▸ **Exercise objective**:
Using the records below, output the stretch that opens with the line containing "using that by" and closes with the line containing "by (simp add: unif01_def)", exactly and including both lines, with nothing more.

▸ **Data for analysis**:

lemma frac_var_measurable [measurable]: "frac_var \<in> borel_measurable borel"
  unfolding frac_var_def frac_def by measurable

lemma frac_var_cong:
  assumes "x - y \<in> \<int>"
  shows "frac_var x = frac_var y"
proof -
  have "frac x = frac (y + (x - y))" by simp
  also have "\<dots> = frac y" using assms by (rule frac_add_int_right)
  finally show ?thesis by (simp add: frac_var_def)
qed

lemma frac_var_frac [simp]: "frac_var (frac x) = frac_var x"
  by (simp add: frac_var_def)

lemma frac_var_minus [simp]: "frac_var (- x) = frac_var x"
  by (simp add: frac_var_def frac_neg algebra_simps)

lemma frac_var_nonneg: "0 \<le> frac_var x"
  by (simp add: frac_var_def frac_lt_1 less_imp_le)

lemma frac_var_le_quarter: "frac_var x \<le> 1/4"
proof -
  have "0 \<le> (frac x - 1/2)\<^sup>2" by simp
  then show ?thesis by (simp add: frac_var_def power2_eq_square algebra_simps)
qed

lemma frac_var_on_unit_interval:
  assumes "of_int n \<le> x" "x \<le> of_int n + 1"
  shows "frac_var x = (x - of_int n) * (of_int n + 1 - x)"
proof (cases "x = of_int n + 1")
  case False
  then have "frac x = x - of_int n" using assms by (simp add: frac_unique_iff)
  then show ?thesis unfolding frac_var_def by (simp only:) (simp add: algebra_simps)
qed (simp add: frac_var_def)

lemma frac_var_shift_has_integral: "((\<lambda>r. frac_var (r + s)) has_integral 1/6) {0..1}"
proof -
  define P :: "real \<Rightarrow> real" where "P t = t\<^sup>2 / 2 - t ^ 3 / 3" for t
  have piece: "((\<lambda>r. frac_var (r + s)) has_integral P (b + s - n) - P (a + s - n)) {a..b}"
    if "of_int n \<le> a + s" "a \<le> b" "b + s \<le> of_int n + 1" for n :: int and a b :: real
  proof (rule has_integral_eq[OF _ fundamental_theorem_of_calculus])
    show "(r + s - n) * (n + 1 - (r + s)) = frac_var (r + s)" if "r \<in> {a..b}" for r
      using that \<open>of_int n \<le> a + s\<close> \<open>b + s \<le> of_int n + 1\<close>
      by (subst frac_var_on_unit_interval[of n]) auto
    show "((\<lambda>r. P (r + s - n)) has_vector_derivative (r + s - n) * (n + 1 - (r + s)))
        (at r within {a..b})" for r
      unfolding P_def has_real_derivative_iff_has_vector_derivative[symmetric]
      by (auto intro!: derivative_eq_intros simp: power2_eq_square field_simps)
  qed fact
  let ?m = "\<lfloor>s\<rfloor> + 1 - s"
  have "((\<lambda>r. frac_var (r + s)) has_integral P 1 - P (frac s)) {0..?m}"
    using piece[of "\<lfloor>s\<rfloor>" 0 ?m] by (simp add: frac_def)
  moreover have "((\<lambda>r. frac_var (r + s)) has_integral P (frac s) - P 0) {?m..1}"
    using piece[of "\<lfloor>s\<rfloor> + 1" ?m 1] frac_lt_1[of s] by (simp add: frac_def)
  ultimately have "((\<lambda>r. frac_var (r + s)) has_integral (P 1 - P (frac s)) + (P (frac s) - P 0)) {0..1}"
    by (rule has_integral_combine[rotated 2]) linarith+
  then show ?thesis by (simp add: P_def)
qed

lemma bounded_has_integral_interval_integral:
  fixes f :: "real \<Rightarrow> real"
  assumes [measurable]: "f \<in> borel_measurable borel"
    and bound: "\<And>x. \<bar>f x\<bar> \<le> B" and "a \<le> b" and f: "(f has_integral I) {a..b}"
  shows "interval_lebesgue_integrable lborel a b f" "(LBINT x=a..b. f x) = I"
proof -
  have "set_integrable lborel {a..b} f"
    by (rule set_integrable_bound[OF borel_integrable_atLeastAtMost'[of a b "\<lambda>_. B"]])
      (use bound in \<open>auto simp: set_borel_measurable_def intro!: AE_I2 order_trans[OF _ abs_ge_self]\<close>)
  then show "interval_lebesgue_integrable lborel a b f"
    unfolding interval_lebesgue_integrable_def using \<open>a \<le> b\<close>
    by (auto intro: set_integrable_subset)
  show "(LBINT x=a..b. f x) = I"
    using interval_integral_eq_integral[OF \<open>a \<le> b\<close> \<open>set_integrable lborel {a..b} f\<close>] f
    by (simp add: integral_unique)
qed

lemma frac_var_shift_interval_integral:
  "interval_lebesgue_integrable lborel 0 1 (\<lambda>r. frac_var (r + s))"
  "(LBINT r=0..1. frac_var (r + s)) = 1/6"
  using bounded_has_integral_interval_integral[where B="1/4", OF _ _ _ frac_var_shift_has_integral]
    frac_var_nonneg frac_var_le_quarter by (auto simp: zero_ereal_def one_ereal_def)

definition sys_cov :: "real \<Rightarrow> real \<Rightarrow> real \<Rightarrow> real" where
  "sys_cov x y z = (frac_var y + frac_var (x + y + z) - frac_var (y + z) - frac_var (x + y)) / 2"

lemma sys_cov_frac: "sys_cov (frac x) (frac y) (frac z) = sys_cov x y z"
proof -
  have "frac_var (frac x + frac y) = frac_var (x + y)" "frac_var (frac y + frac z) = frac_var (y + z)"
    "frac_var (frac x + frac y + frac z) = frac_var (x + y + z)"
    by (intro frac_var_cong; simp add: frac_def)+
  then show ?thesis by (simp add: sys_cov_def)
qed

lemma sys_cov_interval_integral:
  "interval_lebesgue_integrable lborel 0 1 (\<lambda>r. sys_cov x r z)"
  "(LBINT r=0..1. sys_cov x r z) = 0"
proof -
  have "(\<lambda>r. sys_cov x r z) =
      (\<lambda>r. (frac_var r + frac_var (r + (x + z)) - frac_var (r + z) - frac_var (r + x)) / 2)"
    by (simp add: sys_cov_def algebra_simps)
  then show "interval_lebesgue_integrable lborel 0 1 (\<lambda>r. sys_cov x r z)"
    "(LBINT r=0..1. sys_cov x r z) = 0"
    using frac_var_shift_interval_integral[where s=0] by (simp_all add: frac_var_shift_interval_integral)
qed

lemma covar_cong_AE:
  assumes [measurable]: "f \<in> borel_measurable M" "f' \<in> borel_measurable M"
    "g \<in> borel_measurable M" "g' \<in> borel_measurable M"
    and "AE x in M. f x = f' x" "AE x in M. g x = g' x"
  shows "covar M f g = covar M f' g'"
  unfolding covar_def using assms(5,6)
  by (intro arg_cong2[where f="(-)"] arg_cong2[where f="(*)"] integral_cong_AE; auto)

lemma covar_indicator:
  assumes "prob_space M" "A \<in> sets M" "B \<in> sets M"
  shows "covar M (indicator A) (indicator B) = measure M (A \<inter> B) - measure M A * measure M B"
proof -
  interpret prob_space M by fact
  show ?thesis
    using assms(2,3)
    by (simp add: covar_def indicator_inter_arith[symmetric] Int_absorb2 sets.sets_into_space)
qed

lemma covar_const_add_indicator_diff:
  assumes "prob_space M" and [measurable]: "A \<in> sets M" "A' \<in> sets M" "B \<in> sets M" "B' \<in> sets M"
  shows "covar M (\<lambda>x. c + indicator A x - indicator A' x) (\<lambda>x. d + indicator B x - indicator B' x) =
    covar M (indicator A) (indicator B) - covar M (indicator A) (indicator B')
    - covar M (indicator A') (indicator B) + covar M (indicator A') (indicator B')"
proof -
  interpret prob_space M by fact
  have [simp]: "integrable M (indicator S :: 'a \<Rightarrow> real)" if "S \<in> sets M" for S
    using that by (simp add: less_top[symmetric])
  show ?thesis
    unfolding covar_def
    by (simp add: algebra_simps indicator_inter_arith[symmetric] sets.Int prob_space
        Bochner_Integration.integral_add Bochner_Integration.integral_diff)
qed

lemma prob_space_unif01: "prob_space unif01"
  unfolding unif01_def by (rule prob_space_uniform_measure) auto

lemma sets_unif01 [simp, measurable_cong]: "sets unif01 = sets borel"
  by (simp add: unif01_def)

lemma AE_unif01I: "(\<And>u. 0 < u \<Longrightarrow> u < 1 \<Longrightarrow> P u) \<Longrightarrow> AE u in unif01. P u"
  unfolding unif01_def by (rule AE_uniform_measureI) (auto intro!: AE_I2)

lemma measure_unif01_greaterThan:
  assumes "0 \<le> t" "t \<le> 1"
  shows "measure unif01 {t<..} = 1 - t"
proof -
  have "measure unif01 {t<..} = measure lborel ({0<..<1} \<inter> {t<..}) / measure lborel {0<..<1::real}"
    unfolding unif01_def by (rule measure_uniform_measure) auto
  also have "{0<..<1} \<inter> {t<..} = {t<..<1::real}" using assms by auto
  finally show ?thesis using assms by simp
qed

lemma covar_unif01_indicator_greaterThan:
  assumes "s \<in> {0..1}" "t \<in> {0..1}"
  shows "covar unif01 (indicator {s<..}) (indicator {t<..}) = (1 - max s t) - (1 - s) * (1 - t)"
proof -
  have "{s<..} \<inter> {t<..} = {max s t<..}" by auto
  moreover have "measure unif01 {max s t<..} = 1 - max s t"
    using assms by (intro measure_unif01_greaterThan) auto
  ultimately show ?thesis
    using assms by (simp add: covar_indicator[OF prob_space_unif01] measure_unif01_greaterThan)
qed

lemma min_diff_mult_eq_frac_var:
  assumes "x \<in> {0..<1}" "y \<in> {0..<1}"
  shows "min x y - x * y = (frac_var x + frac_var y - frac_var (x - y)) / 2"
proof -
  have "frac (x - y) = (if y \<le> x then x - y else x - y + 1)"
    using assms by (auto simp: frac_unique_iff)
  then show ?thesis
    using assms by (simp add: frac_var_def min_def algebra_simps)
qed

lemma covar_unif01_indicator_frac:
  "covar unif01 (indicator {1 - frac x<..}) (indicator {1 - frac y<..}) =
    (frac_var x + frac_var y - frac_var (x - y)) / 2"
proof -
  have "covar unif01 (indicator {1 - frac x<..}) (indicator {1 - frac y<..}) =
      (1 - max (1 - frac x) (1 - frac y)) - (1 - (1 - frac x)) * (1 - (1 - frac y))"
    by (rule covar_unif01_indicator_greaterThan) (auto simp: frac_lt_1 less_imp_le)
  also have "\<dots> = min (frac x) (frac y) - frac x * frac y"
    by (simp add: max_def min_def)
  also have "\<dots> = (frac_var (frac x) + frac_var (frac y) - frac_var (frac x - frac y)) / 2"
    by (rule min_diff_mult_eq_frac_var) (auto simp: frac_lt_1)
  also have "frac_var (frac x - frac y) = frac_var (x - y)"
    by (rule frac_var_cong) (simp add: frac_def)
  finally show ?thesis by simp
qed

lemma covar_unif01_indicator_frac_diff:
  "covar unif01 (\<lambda>u. k + indicator {1 - frac b<..} u - indicator {1 - frac a<..} u)
      (\<lambda>u. l + indicator {1 - frac d<..} u - indicator {1 - frac c<..} u) =
    sys_cov (b - a) (c - b) (d - c)"
proof -
  have "frac_var (b - d) = frac_var (d - b)" "frac_var (a - d) = frac_var (d - a)"
    "frac_var (a - c) = frac_var (c - a)" "frac_var (b - c) = frac_var (c - b)"
    using frac_var_minus[of "d - b"] frac_var_minus[of "d - a"] frac_var_minus[of "c - a"]
      frac_var_minus[of "c - b"] by simp_all
  moreover have "sys_cov (b - a) (c - b) (d - c) =
      (frac_var (c - b) + frac_var (d - a) - frac_var (d - b) - frac_var (c - a)) / 2"
    by (simp add: sys_cov_def)
  ultimately show ?thesis
    by (simp add: covar_const_add_indicator_diff[OF prob_space_unif01] covar_unif01_indicator_frac)
      (simp add: field_simps)
qed

lemma card_nat_in_real_interval:
  assumes "0 < x" "x \<le> y" "y < real N + 1"
  shows "real (card {n \<in> {1..N}. x \<le> real n \<and> real n < y}) = of_int \<lceil>y\<rceil> - of_int \<lceil>x\<rceil>"
proof -
  have "{n \<in> {1..N}. x \<le> real n \<and> real n < y} = {nat \<lceil>x\<rceil>..<nat \<lceil>y\<rceil>}"
    using assms by (auto simp: ceiling_le_iff less_ceiling_iff le_nat_iff zless_nat_eq_int_zless)
  moreover have "0 \<le> \<lceil>x\<rceil>" "\<lceil>x\<rceil> \<le> \<lceil>y\<rceil>"
    using assms by (auto intro: ceiling_mono)
  ultimately show ?thesis by (simp only: of_nat_diff nat_mono of_nat_nat order_trans card_atLeastLessThan)
qed

lemma ceiling_add_less_one:
  assumes "0 < u" "u < 1"
  shows "of_int \<lceil>x + u\<rceil> = of_int \<lfloor>x\<rfloor> + 1 + (indicator {1 - frac x<..} u :: real)"
proof -
  have "\<lceil>x + u\<rceil> = \<lceil>frac x + u\<rceil> + \<lfloor>x\<rfloor>"
    using ceiling_add_of_int[of "frac x + u" "\<lfloor>x\<rfloor>"] by (simp add: frac_def)
  also have "\<lceil>frac x + u\<rceil> = (if 1 - frac x < u then 2 else 1)"
    using assms frac_lt_1[of x] frac_ge_0[of x] by (intro ceiling_unique) (auto intro: add_nonneg_pos)
  finally show ?thesis by (simp add: indicator_def)
qed

lemma card_shifted_interval:
  assumes "0 \<le> a" "a \<le> b" "b \<le> real N" "0 < u" "u < 1"
  shows "real (card {n \<in> {1..N}. a + u \<le> real n \<and> real n < b + u}) =
    of_int (\<lfloor>b\<rfloor> - \<lfloor>a\<rfloor>) + indicator {1 - frac b<..} u - indicator {1 - frac a<..} u"
  using assms card_nat_in_real_interval[of "a + u" "b + u" N]
    ceiling_add_less_one[of u a] ceiling_add_less_one[of u b] by simp

lemma partial_sums_bounds:
  fixes p :: "nat \<Rightarrow> real"
  assumes "\<forall>i\<in>{1..R}. 0 \<le> p i" "(\<Sum>i=1..R. p i) = 1" "m \<le> R"
  shows "0 \<le> (\<Sum>i=1..<m. p i)" "(\<Sum>i=1..<m. p i) \<le> (\<Sum>i=1..m. p i)" "(\<Sum>i=1..m. p i) \<le> 1"
proof -
  show "0 \<le> (\<Sum>i=1..<m. p i)" "(\<Sum>i=1..<m. p i) \<le> (\<Sum>i=1..m. p i)"
    using assms by (auto intro!: sum_nonneg sum_mono2)
  have "(\<Sum>i=1..m. p i) \<le> (\<Sum>i=1..R. p i)" using assms by (intro sum_mono2) auto
  then show "(\<Sum>i=1..m. p i) \<le> 1" using assms by simp
qed

lemma sys_count_measurable [measurable]: "(\<lambda>u. real (sys_count N p j u)) \<in> borel_measurable borel"
proof -
  have "sys_count N p j u = (\<Sum>n\<in>{1..N}.
      if real N * (\<Sum>i=1..<j. p i) + u \<le> real n \<and> real n < real N * (\<Sum>i=1..j. p i) + u then 1 else 0)" for u
    unfolding sys_count_def card_eq_sum by (rule sum.inter_filter) simp
  then have "(\<lambda>u. real (sys_count N p j u)) = (\<lambda>u. \<Sum>n\<in>{1..N}. real (
      if real N * (\<Sum>i=1..<j. p i) + u \<le> real n \<and> real n < real N * (\<Sum>i=1..j. p i) + u then 1 else 0))"
    by (simp only: of_nat_sum)
  also have "\<dots> \<in> borel_measurable borel" by measurable
  finally show ?thesis .
qed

▸ **Solved exercise**:
    using that by (simp add: less_top[symmetric])
  show ?thesis
    unfolding covar_def
    by (simp add: algebra_simps indicator_inter_arith[symmetric] sets.Int prob_space
        Bochner_Integration.integral_add Bochner_Integration.integral_diff)
qed

lemma prob_space_unif01: "prob_space unif01"
  unfolding unif01_def by (rule prob_space_uniform_measure) auto

lemma sets_unif01 [simp, measurable_cong]: "sets unif01 = sets borel"
  by (simp add: unif01_def)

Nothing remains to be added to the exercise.